The problem — Return the line that contains "tb) (auto simp: S_def)" plus every line after it to the end of the entries below, exactly as given, and stop there.

[Saved data entries]
lemma cond_loss_L_mu_eq:
  assumes "(\<Sum>y\<in>{1..n}. p x y) = 1"
  shows "cond_loss n p (L_mu n c \<mu>) g x
           = - (\<Sum>y\<in>{1..n+1}. label_weight n p c x y * gen_ln \<mu> (softmax n (g x) y))"
proof -
  have "cond_loss n p (L_mu n c \<mu>) g x
      = (\<Sum>y\<in>{1..n}. p x y * ell n \<mu> g x y) + (\<Sum>y\<in>{1..n}. p x y) * ((1 - c) * ell n \<mu> g x (n + 1))"
    unfolding cond_loss_def L_mu_def by (simp add: distrib_left sum.distrib sum_distrib_right)
  also have "\<dots> = (\<Sum>y\<in>insert (n + 1) {1..n}. label_weight n p c x y * ell n \<mu> g x y)"
    using assms by (simp add: label_weight_def)
  also have "insert (n + 1) {1..n} = {1..n+1}" by auto
  also have "(\<Sum>y\<in>{1..n+1}. label_weight n p c x y * ell n \<mu> g x y)
      = (\<Sum>y\<in>{1..n+1}. - (label_weight n p c x y * gen_ln \<mu> (softmax n (g x) y)))"
    by (intro sum.cong) (simp_all add: ell_eq_neg_gen_ln_softmax)
  finally show ?thesis by (simp only: sum_negf)
qed

lemma pred_label_mem_max:
  assumes n: "1 \<le> n" and tb: "\<And>S. S \<noteq> {} \<Longrightarrow> S \<subseteq> {1..n} \<Longrightarrow> tb x S \<in> S"
  shows "pred_label n tb g x \<in> {1..n+1}"
    and "\<And>y. y \<in> {1..n+1} \<Longrightarrow> g x y \<le> g x (pred_label n tb g x)"
proof -
  define M where "M = Max ((\<lambda>y. g x y) ` {1..n})"
  define S where "S = {y \<in> {1..n}. g x y = M}"
  have M: "g x y \<le> M" if "y \<in> {1..n}" for y
    unfolding M_def using that by (intro Max_ge) auto
  have "M \<in> (\<lambda>y. g x y) ` {1..n}" unfolding M_def using n by (intro Max_in) auto
  then have "S \<noteq> {}" by (auto simp: S_def)
  then have "tb x S \<in> S" by (rule tb) (auto simp: S_def)
  then have tbS: "tb x S \<in> {1..n}" "g x (tb x S) = M" by (auto simp: S_def)
  have pred: "pred_label n tb g x = (if M \<le> g x (n + 1) then n + 1 else tb x S)"
    unfolding pred_label_def M_def S_def ..
  show "pred_label n tb g x \<in> {1..n+1}" using tbS by (simp add: pred)
  show "g x y \<le> g x (pred_label n tb g x)" if "y \<in> {1..n+1}" for y
  proof (cases "y = n + 1")
    case False
    then have "g x y \<le> M" using that M by simp
    then show ?thesis using tbS by (auto simp: pred)
  qed (use tbS in \<open>auto simp: pred\<close>)
qed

Task output —
  then have "tb x S \<in> S" by (rule tb) (auto simp: S_def)
  then have tbS: "tb x S \<in> {1..n}" "g x (tb x S) = M" by (auto simp: S_def)
  have pred: "pred_label n tb g x = (if M \<le> g x (n + 1) then n + 1 else tb x S)"
    unfolding pred_label_def M_def S_def ..
  show "pred_label n tb g x \<in> {1..n+1}" using tbS by (simp add: pred)
  show "g x y \<le> g x (pred_label n tb g x)" if "y \<in> {1..n+1}" for y
  proof (cases "y = n + 1")
    case False
    then have "g x y \<le> M" using that M by simp
    then show ?thesis using tbS by (auto simp: pred)
  qed (use tbS in \<open>auto simp: pred\<close>)
qed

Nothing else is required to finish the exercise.